> TASK TO CARRY OUT: One part of the entries below is wanted: the lines from the one containing "using subringE(1)[OF assms(1)]" through the one containing "using assms(1) unfolding". Write those out exactly and nothing else.

--- SOURCE MATERIAL Enclosed Below ---

lemma gdist_dk_H_ge:
  assumes "H \<noteq> carrier G" "b \<in> H"
  shows "k \<le> gdist G M \<Delta> (dk G \<Delta> (inv \<delta> \<otimes> \<Delta>) k) b"
proof (rule ccontr)
  let ?w = "gdist G M \<Delta> (dk G \<Delta> (inv \<delta> \<otimes> \<Delta>) k) b"
  assume "\<not> k \<le> ?w"
  have b: "b \<in> carrier G"
    using assms(2) subgroup.mem_carrier[OF H_subgroup] by blast
  have "?w = wlen G M \<Delta> (inv (\<Delta> [^] k) \<otimes> \<delta> [^] k \<otimes> b)"
    by (simp add: gdist_def dk_delta_eq inv_mult_group)
  then have "\<Delta> [^] ?w \<otimes> (inv (\<Delta> [^] k) \<otimes> \<delta> [^] k \<otimes> b) \<in> M"
    using Delta_pow_mult_in_M_if_wlen_le b by simp
  also have "\<Delta> [^] ?w \<otimes> (inv (\<Delta> [^] k) \<otimes> \<delta> [^] k \<otimes> b) = inv (\<Delta> [^] (k - ?w)) \<otimes> (\<delta> [^] k \<otimes> b)"
  proof -
    have "\<Delta> [^] k = \<Delta> [^] (k - ?w) \<otimes> \<Delta> [^] ?w"
      using \<open>\<not> k \<le> ?w\<close> by (simp add: nat_pow_mult)
    then show ?thesis
      using b by (simp add: inv_mult_group m_assoc)
  qed
  finally have "inv (\<Delta> [^] (k - ?w)) \<otimes> (\<delta> [^] k \<otimes> b) \<in> M" .
  moreover have "\<delta> [^] k \<otimes> b \<in> H"
    using assms(2) delta_pow_in_N N_subset_H subgroup.m_closed[OF H_subgroup] by blast
  moreover have "1 \<le> k - ?w"
    using \<open>\<not> k \<le> ?w\<close> by simp
  ultimately show False
    using inv_Delta_pow_mult_H_notin_M[OF assms(1)] by blast
qed
(* Let $n\ge 2$ and let $(X_i)_{i\ge1}$ be a Markov chain on a discrete (finite) state space, with $X_1\sim P_1$ and transition matrices $K_1,K_2,\ldots$, so that $X_i$ has pmf $P_i=P_1K_1\cdots K_{i-1}$. For each $i$, let $K_i^{\leftarrow}$ be the backward channel of $K_i$ with respect to $P_i$, $K_i^{\leftarrow}(x|y)=K_i(y|x)P_i(x)/P_{i+1}(y)$, acting on functions $g$ by $(K_i^\leftarrow g)(y)=\sum_x K_i^\leftarrow(x|y)g(x)$, and for $1\le\gamma\le\alpha$ let $\|K_i^\leftarrow\|_{\alpha\to\gamma}=\sup_{g\neq0}\|K_i^\leftarrow g\|_{L^\alpha(P_{i+1})}/\|g\|_{L^\gamma(P_i)}$. For $\alpha>1$ let $\gamma_i^\star(\alpha)$ be the smallest $\gamma$ such that $K_i$ is hypercontractive, i.e. $\|K_i\|_{\alpha\to\gamma}\le 1$, and let $\bar\gamma_i^\star(\alpha)$ be its Hölder conjugate. Let $f$ satisfy the bounded-differences condition $|f(x_1,\ldots,x_i,\ldots,x_n)-f(x_1,\ldots,\hat x,\ldots,x_n)|\le 1/n$ for all $x^n,\hat x$ and $1\le i\le n$. Then for every $\alpha>1$ (with $\beta=\alpha/(\alpha-1)$) and every $t>0$, $$\mathcal{P}_{X^n}\left(\left|f-\mathcal{P}_{\bigotimes_{i=1}^n X_i}(f)\right|\ge t\right)\le 2^{1/\beta}\exp\left(-\frac{2nt^2}{\beta}+\sum_{i=1}^{n-1}\left(\log\|K_i^\leftarrow\|_{\alpha\to\gamma_i^\star(\alpha)}-\frac{1}{\bar\gamma_i^\star(\alpha)}\min_{j\in\mathrm{supp}(P_i)}\log P_i(j)\right)\right).$$ Moreover, if the chain is time-homogeneous, $K_i=K$ for all $i$ (with $K^\leftarrow$ and $\gamma_K^\star(\alpha)$, $\bar\gamma_K^\star(\alpha)$ defined analogously), then $$\mathcal{P}_{X^n}\left(\left|f-\mathcal{P}_{\bigotimes_{i=1}^n X_i}(f)\right|\ge t\right)\le 2^{1/\beta}\exp\left(-\frac{2nt^2}{\beta}+(n-1)\log\|K^\leftarrow\|_{\alpha\to\gamma_K^\star(\alpha)}-\frac{1}{\bar\gamma_K^\star(\alpha)}\sum_{i=1}^{n-1}\min_{j\in\mathrm{supp}(P_i)}\log P_i(j)\right)$$ $$\le 2^{1/\beta}\exp\left(-\frac{2nt^2}{\beta}+(n-1)\log\|K^\leftarrow\|_{\alpha\to\gamma_K^\star(\alpha)}-\frac{n-1}{\bar\gamma_K^\star(\alpha)}\min_{i=1,\ldots,n-1}\min_{j\in\mathrm{supp}(P_i)}\log P_i(j)\right).$$
   Context: $\mathcal{P}_{X^n}$ is the joint law of $(X_1,\ldots,X_n)$ and $\mathcal{P}_{\bigotimes_{i=1}^n X_i}=P_1\otimes\cdots\otimes P_n$ the product of the marginals; $\mu(g)=\int g\,d\mu$. For a Markov kernel $K$, $(Kg)(x)=\sum_y K(y|x)g(y)$ and $\|K\|_{\alpha\to\gamma}=\sup_{g\ne0}\|Kg\|_\alpha/\|g\|_\gamma$.
   Formalization: The time-homogeneous bounds assume that $\gamma_i^\star(\alpha)$ and $\|K_i^\leftarrow\|_{\alpha\to\gamma_i^\star(\alpha)}$ equal the same constants $\gamma_K^\star(\alpha)$ and $\|K^\leftarrow\|_{\alpha\to\gamma_K^\star(\alpha)}$ for every i = 1, ..., n-1, besides $K_i=K$. Each condition added here is assumed in the paper as well or is needed for the statement above to hold. *)

theory Defs
  imports Complex_Main "HOL-Library.FuncSet"
begin

text \<open>A Markov kernel is
  represented as K :: 'a => 'b => real with K x y = K(y|x) (row = conditioning state).
  Transition matrices of the chain are indexed K 1, K 2, ...; the initial law is P1.\<close>

definition apply_kernel :: "('a \<Rightarrow> 'b::finite \<Rightarrow> real) \<Rightarrow> ('b \<Rightarrow> real) \<Rightarrow> 'a \<Rightarrow> real" where
  "apply_kernel K g x = (\<Sum>y\<in>UNIV. K x y * g y)"

text \<open>Backward channel of K w.r.t. input law P (output law Q = P K):
  backward_kernel P Q K y x = K<-(x|y) = K(y|x) P(x) / Q(y).\<close>
definition backward_kernel :: "('a \<Rightarrow> real) \<Rightarrow> ('b \<Rightarrow> real) \<Rightarrow> ('a \<Rightarrow> 'b \<Rightarrow> real) \<Rightarrow> 'b \<Rightarrow> 'a \<Rightarrow> real" where
  "backward_kernel P Q K y x = K x y * P x / Q y"

definition Lp_norm :: "('a::finite \<Rightarrow> real) \<Rightarrow> real \<Rightarrow> ('a \<Rightarrow> real) \<Rightarrow> real" where
  "Lp_norm \<mu> p g = (\<Sum>x\<in>UNIV. \<mu> x * \<bar>g x\<bar> powr p) powr (1 / p)"

definition op_norm :: "(('a::finite \<Rightarrow> real) \<Rightarrow> ('b::finite \<Rightarrow> real)) \<Rightarrow> ('b \<Rightarrow> real) \<Rightarrow> real
    \<Rightarrow> ('a \<Rightarrow> real) \<Rightarrow> real \<Rightarrow> real" where
  "op_norm T \<mu> \<alpha> \<nu> \<gamma> = (SUP g\<in>{g. g \<noteq> (\<lambda>_. 0)}. Lp_norm \<mu> \<alpha> (T g) / Lp_norm \<nu> \<gamma> g)"

definition hc_gamma_star :: "('a::finite \<Rightarrow> real) \<Rightarrow> ('a \<Rightarrow> real) \<Rightarrow> ('a \<Rightarrow> 'a \<Rightarrow> real) \<Rightarrow> real \<Rightarrow> real" where
  "hc_gamma_star P Q K \<alpha> =
     Inf {\<gamma>. 1 \<le> \<gamma> \<and> \<gamma> \<le> \<alpha> \<and> op_norm (apply_kernel K) P \<alpha> Q \<gamma> \<le> 1}"

definition holder_conj :: "real \<Rightarrow> real" where
  "holder_conj \<gamma> = \<gamma> / (\<gamma> - 1)"

definition bwd_norm_star :: "('a::finite \<Rightarrow> real) \<Rightarrow> ('a \<Rightarrow> real) \<Rightarrow> ('a \<Rightarrow> 'a \<Rightarrow> real) \<Rightarrow> real \<Rightarrow> real" where
  "bwd_norm_star P Q K \<alpha> =
     op_norm (apply_kernel (backward_kernel P Q K)) Q \<alpha> P (hc_gamma_star P Q K \<alpha>)"

definition min_log_supp :: "('a::finite \<Rightarrow> real) \<Rightarrow> real" where
  "min_log_supp P = Min ((\<lambda>j. ln (P j)) ` {j. 0 < P j})"

text \<open>Marginals P_i = P_1 K_1 ... K_{i-1} (1-based; index 0 is a dummy equal to P1).\<close>
fun mc_marg :: "('a::finite \<Rightarrow> real) \<Rightarrow> (nat \<Rightarrow> 'a \<Rightarrow> 'a \<Rightarrow> real) \<Rightarrow> nat \<Rightarrow> 'a \<Rightarrow> real" where
  "mc_marg P1 K 0 = P1"
| "mc_marg P1 K (Suc 0) = P1"
| "mc_marg P1 K (Suc (Suc i)) = (\<lambda>y. \<Sum>x\<in>UNIV. mc_marg P1 K (Suc i) x * K (Suc i) x y)"

definition mc_joint :: "('a \<Rightarrow> real) \<Rightarrow> (nat \<Rightarrow> 'a \<Rightarrow> 'a \<Rightarrow> real) \<Rightarrow> nat \<Rightarrow> (nat \<Rightarrow> 'a) \<Rightarrow> real" where
  "mc_joint P1 K n x = P1 (x 1) * (\<Prod>i\<in>{1..<n}. K i (x i) (x (Suc i)))"

definition prod_marg_mean :: "('a::finite \<Rightarrow> real) \<Rightarrow> (nat \<Rightarrow> 'a \<Rightarrow> 'a \<Rightarrow> real) \<Rightarrow> nat
    \<Rightarrow> ((nat \<Rightarrow> 'a) \<Rightarrow> real) \<Rightarrow> real" where
  "prod_marg_mean P1 K n f =
     (\<Sum>x\<in>PiE {1..n} (\<lambda>_. UNIV). (\<Prod>i\<in>{1..n}. mc_marg P1 K i (x i)) * f x)"

definition dev_prob :: "('a::finite \<Rightarrow> real) \<Rightarrow> (nat \<Rightarrow> 'a \<Rightarrow> 'a \<Rightarrow> real) \<Rightarrow> nat
    \<Rightarrow> ((nat \<Rightarrow> 'a) \<Rightarrow> real) \<Rightarrow> real \<Rightarrow> real" where
  "dev_prob P1 K n f t =
     (\<Sum>x\<in>{x\<in>PiE {1..n} (\<lambda>_. UNIV). t \<le> \<bar>f x - prod_marg_mean P1 K n f\<bar>}. mc_joint P1 K n x)"

end

theory Submission
  imports Defs "HOL-Probability.Hoeffding"
begin

(* Under the product P_1 x ... x P_n of the marginals the coordinates are independent, so
   McDiarmid's inequality bounds the probability of the deviation event E by 2 exp(-2 n t^2).
   The law of the chain has density R(x) = prod_i K_i(x_i, x_(i+1)) / P_(i+1)(x_(i+1)) with
   respect to this product, and Hoelder's inequality gives
   P_(X^n)(E) <= P_prod(E)^(1/beta) ||R||_alpha.  Integrating out the coordinates one at a time,
   starting from the last, bounds ||R||_alpha by the product over i of the largest
   L^alpha(P_(i+1)) norm of a likelihood ratio K_i(a, .) / P_(i+1) with P_i(a) > 0.  Such a ratio
   is the backward channel applied to the point mass at a normalised in L^1(P_i), whose
   L^gamma(P_i) norm is P_i(a)^(1/gamma - 1); for gamma = gamma_i^*(alpha) >= 1 this bounds the
   ratio by ||K_i^<-||_(alpha -> gamma) exp(-(1/gamma-bar) min log P_i). *)

section \<open>Hoelder's inequality for finite sums\<close>

lemma convex_on_powr_nonneg:
  fixes p :: real
  assumes "1 \<le> p"
  shows "convex_on {0..} (\<lambda>x::real. x powr p)"
proof (rule convex_onI)
  fix t x y :: real
  assume t: "0 < t" "t < 1" and xy: "x \<in> {0..}" "y \<in> {0..}"
  show "((1 - t) *\<^sub>R x + t *\<^sub>R y) powr p \<le> (1 - t) * x powr p + t * y powr p"
  proof (cases "x = 0 \<or> y = 0")
    case True
    have "t powr p \<le> t" "(1 - t) powr p \<le> 1 - t"
      using powr_le_one_le t assms by auto
    with True xy t show ?thesis
      by (auto simp: powr_mult intro!: mult_right_mono)
  next
    case False
    with xy have "x \<in> {0<..}" "y \<in> {0<..}" by auto
    with t show ?thesis using convex_onD[OF powr_convex[OF assms]] by auto
  qed
qed (simp add: convex_real_interval)

lemma weighted_sum_powr_le:
  fixes a R :: "'b \<Rightarrow> real"
  assumes "finite S" "S \<noteq> {}" "sum a S = 1" "\<And>i. i \<in> S \<Longrightarrow> 0 \<le> a i"
    and "\<And>i. i \<in> S \<Longrightarrow> 0 \<le> R i" "1 \<le> p"
  shows "(\<Sum>i\<in>S. a i * R i) powr p \<le> (\<Sum>i\<in>S. a i * R i powr p)"
  using convex_on_sum[OF assms(1,2) convex_on_powr_nonneg[OF assms(6)], of a R] assms by auto

lemma weighted_sum_le_Hoelder:
  fixes w R :: "'b \<Rightarrow> real"
  assumes S: "finite S" and w: "\<And>i. i \<in> S \<Longrightarrow> 0 \<le> w i" and R: "\<And>i. i \<in> S \<Longrightarrow> 0 \<le> R i"
    and p: "1 \<le> p"
  shows "(\<Sum>i\<in>S. w i * R i) \<le> sum w S powr (1 - 1/p) * (\<Sum>i\<in>S. w i * R i powr p) powr (1/p)"
proof (cases "sum w S = 0")
  case True
  then have "\<forall>i\<in>S. w i = 0" using sum_nonneg_eq_0_iff[OF S] w by blast
  then show ?thesis by simp
next
  case False
  define W where "W = sum w S"
  define X where "X = (\<Sum>i\<in>S. w i * R i powr p)"
  have W: "0 < W" using False w unfolding W_def by (metis less_eq_real_def sum_nonneg)
  have X: "0 \<le> X" using w unfolding X_def by (auto intro!: sum_nonneg)
  define L where "L = (\<Sum>i\<in>S. w i / W * R i)"
  have L: "0 \<le> L" using W w R unfolding L_def by (auto intro!: sum_nonneg)
  have "L powr p \<le> (\<Sum>i\<in>S. w i / W * R i powr p)"
    unfolding L_def using False W w R p
    by (intro weighted_sum_powr_le S) (auto simp: W_def simp flip: sum_divide_distrib)
  also have "\<dots> = X / W"
    by (simp add: X_def sum_divide_distrib)
  finally have "(L powr p) powr (1/p) \<le> (X / W) powr (1/p)"
    using p by (intro powr_mono2) auto
  then have "W * L \<le> W * (X / W) powr (1/p)"
    using L W p by (simp add: powr_powr)
  also have "W * (X / W) powr (1/p) = W powr (1 - 1/p) * X powr (1/p)"
    using W X by (simp add: powr_divide powr_diff)
  also have "W * L = (\<Sum>i\<in>S. w i * R i)"
    unfolding L_def using W by (simp add: sum_distrib_left)
  finally show ?thesis unfolding W_def X_def .
qed

lemma weighted_sum_le_Hoelder_bound:
  fixes w R :: "'b \<Rightarrow> real"
  assumes "finite S" "\<And>i. i \<in> S \<Longrightarrow> 0 \<le> w i" "\<And>i. i \<in> S \<Longrightarrow> 0 \<le> R i" "1 \<le> p"
    and "sum w S \<le> A" and "(\<Sum>i\<in>S. w i * R i powr p) \<le> B powr p" and "0 \<le> B"
  shows "(\<Sum>i\<in>S. w i * R i) \<le> A powr (1 - 1/p) * B"
proof -
  have "(\<Sum>i\<in>S. w i * R i) \<le> sum w S powr (1 - 1/p) * (\<Sum>i\<in>S. w i * R i powr p) powr (1/p)"
    by (rule weighted_sum_le_Hoelder[OF assms(1-4)])
  also have "\<dots> \<le> A powr (1 - 1/p) * (B powr p) powr (1/p)"
    using assms by (intro mult_mono powr_mono2) (auto intro!: sum_nonneg)
  also have "(B powr p) powr (1/p) = B"
    using assms by (simp add: powr_powr)
  finally show ?thesis .
qed
(* Let $R\subseteq S$ be an extension of commutative rings such that $S$ is well-centered on $R$. If $M$ is a maximal ideal of $R$ with $MS\neq S$, then $MS$ is a maximal ideal of $S$.
   Context: All rings are commutative with identity. An extension ring $S$ of $R$ is well-centered on $R$ if for each $s\in S$ there is a unit $u$ of $S$ with $us\in R$. *)

theory Defs
  imports "HOL-Algebra.Algebra"
begin

definition well_centered :: "('a, 'b) ring_scheme \<Rightarrow> 'a set \<Rightarrow> bool" where
  "well_centered S R \<longleftrightarrow> (\<forall>s \<in> carrier S. \<exists>u \<in> Units S. u \<otimes>\<^bsub>S\<^esub> s \<in> R)"

end

theory Submission
  imports Defs
begin

text \<open>In an extension well-centered on \<open>R\<close>, every ideal \<open>J\<close> of \<open>S\<close> is generated by its
  contraction \<open>J \<inter> R\<close>, because each element of \<open>J\<close> is a unit multiple of an element of
  \<open>J \<inter> R\<close>. An ideal \<open>J \<supseteq> MS\<close> of \<open>S\<close> contracts to an ideal of \<open>R\<close> containing \<open>M\<close>, so
  by maximality \<open>J \<inter> R = M\<close>, whence \<open>J = MS\<close>, or \<open>J \<inter> R = R\<close>, whence \<open>1 \<in> J\<close>.\<close>

lemma (in ring) ideal_Int_subring:
  assumes "subring K R" and "ideal J R"
  shows "ideal (J \<inter> K) (R\<lparr>carrier := K\<rparr>)"
proof -
  have "id \<in> ring_hom (R\<lparr>carrier := K\<rparr>) R"
    using subringE(1)[OF assms(1)] by (auto intro!: ring_hom_memI)
  then interpret incl: ring_hom_ring "R\<lparr>carrier := K\<rparr>" R id
    by (rule ring_hom_ringI2[OF subring_is_ring[OF assms(1)] ring_axioms])
  have "ideal {r \<in> K. id r \<in> J} (R\<lparr>carrier := K\<rparr>)"
    using incl.ideal_vimage[OF assms(2)] by simp
  moreover have "{r \<in> K. id r \<in> J} = J \<inter> K" by auto
  ultimately show ?thesis by simp
qed

lemma (in ring) well_centered_ideal_eq_genideal_Int:
  assumes "well_centered R K" and "ideal J R"
  shows "J = Idl (J \<inter> K)"
proof
  interpret J: ideal J R by fact
  have JK_carr: "J \<inter> K \<subseteq> carrier R" using J.a_subset by blast
  show "Idl (J \<inter> K) \<subseteq> J"
    using genideal_minimal[OF assms(2)] by blast
  show "J \<subseteq> Idl (J \<inter> K)"
  proof
    fix s assume s: "s \<in> J"
    then have s_carr: "s \<in> carrier R" by (rule J.Icarr)
    then obtain u where u: "u \<in> Units R" "u \<otimes> s \<in> K"
      using assms(1) unfolding well_centered_def by blast
    have "u \<otimes> s \<in> J" using J.I_l_closed[OF s] u(1) by blast
    with u(2) have "u \<otimes> s \<in> Idl (J \<inter> K)"
      using genideal_self[OF JK_carr] by blast
    then have "inv u \<otimes> (u \<otimes> s) \<in> Idl (J \<inter> K)"
      using ideal.I_l_closed[OF genideal_ideal[OF JK_carr]] u(1) by blast
    moreover have "inv u \<otimes> (u \<otimes> s) = s"
      using u(1) s_carr by (simp add: m_assoc[symmetric] Units_closed)
    ultimately show "s \<in> Idl (J \<inter> K)" by simp
  qed
qed
theorem proposition3p2:
  fixes S :: "('a, 'b) ring_scheme" and R M :: "'a set"
  assumes "cring S"
    and "subring R S"
    and "well_centered S R"
    and "maximalideal M (S\<lparr>carrier := R\<rparr>)"
    and "Idl\<^bsub>S\<^esub> M \<noteq> carrier S"
  shows "maximalideal (Idl\<^bsub>S\<^esub> M) S"
proof -
  interpret S: cring S by fact
  interpret M: maximalideal M "S\<lparr>carrier := R\<rparr>" by fact
  have M_carr: "M \<subseteq> carrier S" using M.a_subset subringE(1)[OF assms(2)] by auto
  show ?thesis
  proof (rule maximalidealI[OF S.genideal_ideal[OF M_carr]])
    show "carrier S \<noteq> Idl\<^bsub>S\<^esub> M" using assms(5) by auto
  next
    fix J assume J: "ideal J S" "Idl\<^bsub>S\<^esub> M \<subseteq> J"
    have "M \<subseteq> J \<inter> R" using J(2) S.genideal_self[OF M_carr] M.a_subset by auto
    then have "J \<inter> R = M \<or> J \<inter> R = R"
      using M.I_maximal[OF S.ideal_Int_subring[OF assms(2) J(1)]] by auto
    moreover have "J = Idl\<^bsub>S\<^esub> (J \<inter> R)"
      using S.well_centered_ideal_eq_genideal_Int[OF assms(3) J(1)] .
    moreover have "J \<inter> R = R \<Longrightarrow> J = carrier S"
      using subringE(3)[OF assms(2)] ideal.one_imp_carrier[OF J(1)] by blast
    ultimately show "J = Idl\<^bsub>S\<^esub> M \<or> J = carrier S" by auto
  qed
qed

end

--- End of Enclosed SOURCE MATERIAL ---

> RESPONSE:
    using subringE(1)[OF assms(1)] by (auto intro!: ring_hom_memI)
  then interpret incl: ring_hom_ring "R\<lparr>carrier := K\<rparr>" R id
    by (rule ring_hom_ringI2[OF subring_is_ring[OF assms(1)] ring_axioms])
  have "ideal {r \<in> K. id r \<in> J} (R\<lparr>carrier := K\<rparr>)"
    using incl.ideal_vimage[OF assms(2)] by simp
  moreover have "{r \<in> K. id r \<in> J} = J \<inter> K" by auto
  ultimately show ?thesis by simp
qed

lemma (in ring) well_centered_ideal_eq_genideal_Int:
  assumes "well_centered R K" and "ideal J R"
  shows "J = Idl (J \<inter> K)"
proof
  interpret J: ideal J R by fact
  have JK_carr: "J \<inter> K \<subseteq> carrier R" using J.a_subset by blast
  show "Idl (J \<inter> K) \<subseteq> J"
    using genideal_minimal[OF assms(2)] by blast
  show "J \<subseteq> Idl (J \<inter> K)"
  proof
    fix s assume s: "s \<in> J"
    then have s_carr: "s \<in> carrier R" by (rule J.Icarr)
    then obtain u where u: "u \<in> Units R" "u \<otimes> s \<in> K"
      using assms(1) unfolding well_centered_def by blast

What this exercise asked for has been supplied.